Homeownership is a dream of many for various reasons: comfort, security, and a place to personalize and make their own. While these are all great benefits of purchasing and owning a home, there are recurring costs associated with owning a property. Thankfully, there are tax benefits available that may help offset these costs.
Every homeowner’s experience is different, and eligibility for these benefits can vary based on individual circumstances. These are some potential tax benefits that may apply. Remember, your Helen Adams Realty agent is available to help you understand the costs of homeownership and how to take advantage of any tax benefits that may be applicable.
Keep Records
When it comes to any home expenses, it’s best to keep adequate records. Some tax benefits require homeowners to itemize deductions instead of taking standardized deductions. Keep organized records throughout the year to ensure a smooth tax season and help ensure you don’t miss eligible deductions.
Real Estate Taxes
Many people take out a mortgage to purchase a home, which is a predetermined amount paid monthly over the life of the loan. Other home purchase expenses, like closing costs and property taxes, may be included with the mortgage amount.
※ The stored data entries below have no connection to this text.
(* Let $a,x\in \mathcal{A}$. Then the following are equivalent: (1) $x$ is the $w$-weighted core inverse of $a$. (2) $xwawx=x$, $(wawx)^*=wawx$, $x\mathcal{A}=(aw)\mathcal{A}$, $x^*\mathcal{A}=(waw)\mathcal{A}$. (3) $xwawx=x$, $(wawx)^*=wawx$, ${}^0(x)={}^0(aw)$, ${}^0(x^* )={}^0(waw)$. (4) $xwawx=x$, $(wawx)^*=wawx$, ${}^0(x)={}^0(aw)$, ${}^0(x^* )\subseteq {}^0(waw)$.
   Context: $\mathcal{A}$ is a complex Banach *-algebra with identity and $w\in\mathcal{A}$. The $w$-weighted core inverse of $a$ is the unique $x$ with $a(wx)^2=x$, $(wawx)^*=wawx$, $xw(aw)^2=aw$. ${}^0(b)=\{y\in\mathcal{A}: yb=0\}$ is the left annihilator of $b$. *)

theory Defs
  imports "HOL-Analysis.Analysis"
begin

text \<open>HOL has no complex-vector-space class, so complex scalar multiplication
  is added as an operation compatible with the real one.\<close>

class complex_banach_star_algebra = real_normed_algebra_1 + banach +
  fixes scaleC :: "complex \<Rightarrow> 'a \<Rightarrow> 'a" (infixr \<open>*\<^sub>C\<close> 75)
    and invol :: "'a \<Rightarrow> 'a"
  assumes scaleC_add_right: "c *\<^sub>C (x + y) = c *\<^sub>C x + c *\<^sub>C y"
    and scaleC_add_left: "(b + c) *\<^sub>C x = b *\<^sub>C x + c *\<^sub>C x"
    and scaleC_scaleC: "b *\<^sub>C (c *\<^sub>C x) = (b * c) *\<^sub>C x"
    and scaleC_one: "1 *\<^sub>C x = x"
    and scaleC_of_real: "(complex_of_real r) *\<^sub>C x = r *\<^sub>R x"
    and scaleC_mult_left: "(c *\<^sub>C x) * y = c *\<^sub>C (x * y)"
    and scaleC_mult_right: "x * (c *\<^sub>C y) = c *\<^sub>C (x * y)"
    and norm_scaleC: "norm (c *\<^sub>C x) = cmod c * norm x"
    and invol_invol: "invol (invol x) = x"
    and invol_add: "invol (x + y) = invol x + invol y"
    and invol_scaleC: "invol (c *\<^sub>C x) = cnj c *\<^sub>C invol x"
    and invol_mult: "invol (x * y) = invol y * invol x"
    and norm_invol: "norm (invol x) = norm x"

definition right_ideal :: "'a::complex_banach_star_algebra \<Rightarrow> 'a set" where
  "right_ideal b = {b * y | y. True}"

definition left_annihilator :: "'a::complex_banach_star_algebra \<Rightarrow> 'a set" where
  "left_annihilator b = {y. y * b = 0}"

definition w_core_inverse :: "'a::complex_banach_star_algebra \<Rightarrow> 'a \<Rightarrow> 'a \<Rightarrow> bool" where
  "w_core_inverse w a x \<longleftrightarrow>
     a * (w * x) ^ 2 = x \<and>
     invol (w * a * w * x) = w * a * w * x \<and>
     x * w * (a * w) ^ 2 = a * w"

end

theory Submission
  imports Defs
begin

text \<open>The implications (1)\<Rightarrow>(2)\<Rightarrow>(3)\<Rightarrow>(4) are direct: the defining
  equations exhibit \<open>x\<close> and \<open>a w\<close> as right multiples of each other, and likewise
  \<open>x\<^sup>*\<close> and \<open>w a w\<close>, and equal principal right ideals have equal left annihilators.
  For (4)\<Rightarrow>(1), an inclusion \<open>\<^sup>0(b) \<subseteq> \<^sup>0(c)\<close> lets any equation \<open>p b = b\<close> be
  transferred to \<open>p c = c\<close>, since \<open>(1 - p) b = 0\<close>. This yields \<open>x w a w a w = a w\<close>
  and \<open>w a w x w a w = w a w\<close>. Then \<open>t = a w - a w x w a w\<close> satisfies both
  \<open>w t = 0\<close> and \<open>t = x w a w t\<close>, so \<open>t = 0\<close>; one more transfer along
  \<open>\<^sup>0(a w) = \<^sup>0(x)\<close> gives \<open>a w x w x = x\<close>.\<close>

lemma w_core_inverse_iff:
  "w_core_inverse w a x \<longleftrightarrow>
     a * w * x * w * x = x \<and> invol (w * a * w * x) = w * a * w * x \<and>
     x * w * a * w * (a * w) = a * w"
  unfolding w_core_inverse_def by (simp add: power2_eq_square mult.assoc)

lemma right_ideal_subsetI:
  fixes b c :: "'a::complex_banach_star_algebra"
  assumes "b = c * u"
  shows "right_ideal b \<subseteq> right_ideal c"
proof
  fix z assume "z \<in> right_ideal b"
  then obtain y where "z = c * (u * y)"
    using assms unfolding right_ideal_def by (auto simp: mult.assoc)
  then show "z \<in> right_ideal c" unfolding right_ideal_def by blast
qed

lemma right_ideal_eqI:
  fixes b c :: "'a::complex_banach_star_algebra"
  assumes "b = c * u" and "c = b * v"
  shows "right_ideal b = right_ideal c"
  using right_ideal_subsetI[OF assms(1)] right_ideal_subsetI[OF assms(2)] by (rule antisym)

lemma mem_right_ideal_self: "b \<in> right_ideal b"
  unfolding right_ideal_def by (metis (mono_tags) mem_Collect_eq mult_1_right)

lemma left_annihilator_subsetI:
  fixes b c :: "'a::complex_banach_star_algebra"
  assumes "b = c * u"
  shows "left_annihilator c \<subseteq> left_annihilator b"
  unfolding left_annihilator_def using assms by (auto simp flip: mult.assoc)

lemma left_annihilator_eq_if_right_ideal_eq:
  fixes b c :: "'a::complex_banach_star_algebra"
  assumes "right_ideal b = right_ideal c"
  shows "left_annihilator b = left_annihilator c"
proof (rule antisym)
  obtain u where "c = b * u"
    using mem_right_ideal_self[of c] assms unfolding right_ideal_def by auto
  then show "left_annihilator b \<subseteq> left_annihilator c" by (rule left_annihilator_subsetI)
  obtain v where "b = c * v"
    using mem_right_ideal_self[of b] assms unfolding right_ideal_def by auto
  then show "left_annihilator c \<subseteq> left_annihilator b" by (rule left_annihilator_subsetI)
qed

lemma left_fixed_transfer:
  fixes b c p :: "'a::complex_banach_star_algebra"
  assumes "left_annihilator b \<subseteq> left_annihilator c" and "p * b = b"
  shows "p * c = c"
proof -
  have "(1 - p) * b = 0" using assms(2) by (simp add: left_diff_distrib)
  then have "(1 - p) * c = 0" using assms(1) unfolding left_annihilator_def by auto
  then show ?thesis by (simp add: left_diff_distrib)
qed

lemma invol_right_unit:
  fixes x p :: "'a::complex_banach_star_algebra"
  assumes "x * p = x" and "invol p = p"
  shows "p * invol x = invol x"
  using invol_mult[of x p] assms by simp

lemma w_core_inverse_imp_right_ideals:
  fixes w a x :: "'a::complex_banach_star_algebra"
  assumes "w_core_inverse w a x"
  shows "x * w * a * w * x = x"
    and "right_ideal x = right_ideal (a * w)"
    and "right_ideal (invol x) = right_ideal (w * a * w)"
proof -
  have x: "a * w * x * w * x = x" and herm: "invol (w * a * w * x) = w * a * w * x"
    and aw: "x * w * a * w * (a * w) = a * w"
    using assms by (simp_all add: w_core_inverse_iff)
  have "x * w * a * w * x = x * w * a * w * (a * w * x * w * x)" using x by simp
  also have "\<dots> = x * w * a * w * (a * w) * x * w * x" by (simp add: mult.assoc)
  finally show xwawx: "x * w * a * w * x = x" using aw x by simp
  show "right_ideal x = right_ideal (a * w)"
    by (rule right_ideal_eqI[of _ _ "x * w * x" "w * a * w * a * w"])
      (use x aw in \<open>simp_all add: mult.assoc\<close>)
  have "a * w * x * w * (a * w) = a * w * x * w * (x * w * a * w * (a * w))" using aw by simp
  also have "\<dots> = (a * w * x * w * x) * w * a * w * (a * w)" by (simp add: mult.assoc)
  finally have "a * w * x * w * (a * w) = a * w" using x aw by simp
  then have waw: "w * a * w * x * (w * a * w) = w * a * w" by (simp add: mult.assoc)
  have unit: "w * a * w * x * invol x = invol x"
    using invol_right_unit[of x "w * a * w * x"] xwawx herm by (simp add: mult.assoc)
  have "invol x * invol (w * a * w) = w * a * w * x"
    using herm invol_mult[of "w * a * w" x] by simp
  with unit waw show "right_ideal (invol x) = right_ideal (w * a * w)"
    by (intro right_ideal_eqI[of _ _ "x * invol x" "invol (w * a * w) * (w * a * w)"])
      (simp_all flip: mult.assoc)
qed

lemma w_core_inverse_if_left_annihilators:
  fixes w a x :: "'a::complex_banach_star_algebra"
  assumes xwawx: "x * w * a * w * x = x" and herm: "invol (w * a * w * x) = w * a * w * x"
    and ann: "left_annihilator x = left_annihilator (a * w)"
    and ann_invol: "left_annihilator (invol x) \<subseteq> left_annihilator (w * a * w)"
  shows "w_core_inverse w a x"
proof -
  have aw: "x * w * a * w * (a * w) = a * w"
    using left_fixed_transfer[of x "a * w" "x * w * a * w"] ann xwawx by simp
  have "w * a * w * x * invol x = invol x"
    using invol_right_unit[of x "w * a * w * x"] xwawx herm by (simp add: mult.assoc)
  then have waw: "w * a * w * x * (w * a * w) = w * a * w"
    using left_fixed_transfer[OF ann_invol] by blast
  define t where "t = a * w - a * w * x * w * a * w"
  have "w * t = 0"
    using waw by (simp add: t_def right_diff_distrib mult.assoc)
  moreover have "x * w * a * w * t = t"
    using aw by (simp add: t_def right_diff_distrib flip: mult.assoc)
  ultimately have "t = 0" by (metis mult.assoc mult_zero_right)
  then have "a * w * x * w * (a * w) = a * w" by (simp add: t_def mult.assoc)
  then have "a * w * x * w * x = x"
    using left_fixed_transfer[of "a * w" x "a * w * x * w"] ann by simp
  then show ?thesis using aw herm by (simp add: w_core_inverse_iff)
qed

theorem theorem2p1:
  fixes w a x :: "'a::complex_banach_star_algebra"
  shows "(w_core_inverse w a x
     \<longleftrightarrow> (x * w * a * w * x = x \<and> invol (w * a * w * x) = w * a * w * x \<and>
          right_ideal x = right_ideal (a * w) \<and> right_ideal (invol x) = right_ideal (w * a * w)))
   \<and> (w_core_inverse w a x
     \<longleftrightarrow> (x * w * a * w * x = x \<and> invol (w * a * w * x) = w * a * w * x \<and>
          left_annihilator x = left_annihilator (a * w) \<and>
          left_annihilator (invol x) = left_annihilator (w * a * w)))
   \<and> (w_core_inverse w a x
     \<longleftrightarrow> (x * w * a * w * x = x \<and> invol (w * a * w * x) = w * a * w * x \<and>
          left_annihilator x = left_annihilator (a * w) \<and>
          left_annihilator (invol x) \<subseteq> left_annihilator (w * a * w)))"
proof -
  have herm: "invol (w * a * w * x) = w * a * w * x" if "w_core_inverse w a x"
    using that by (simp add: w_core_inverse_iff)
  note ideals = w_core_inverse_imp_right_ideals[of w a x]
  note annihilators = left_annihilator_eq_if_right_ideal_eq[of x "a * w"]
    left_annihilator_eq_if_right_ideal_eq[of "invol x" "w * a * w"]
  note converse = w_core_inverse_if_left_annihilators[of x w a]
  show ?thesis
    using herm ideals annihilators converse by (metis order_refl)
qed

end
Homeowners who itemize may deduct the cost of state and local real estate taxes paid toward the mortgage in a given year. The maximum combined amount to be deducted is $10,000.
Mortgage Interest
Deductions may be taken for interest paid on a home’s mortgage. Homeowners who itemize may deduct 100% of their mortgage interest payments with a maximum combined mortgage balance of up to $750,000 (this applies exclusively to loan balances taken after Dec. 16, 2017).
Capital Gains
When selling a home, many homeowners can take advantage of savings opportunities when they aren’t required to pay capital gains tax on profits from the home’s sale. One key requirement to avoid capital gains tax is owning and occupying the home as a primary residence for at least two of the past five years. In this case, seller(s) do not have to pay any taxes on the first $250,000 (filing single) or $500,000 in profits (filing married). This rule typically applies to primary residences, not investment properties.
Please note that tax law is changing regularly. Refer to your real estate agent and qualified tax professional for the most current and personalized information.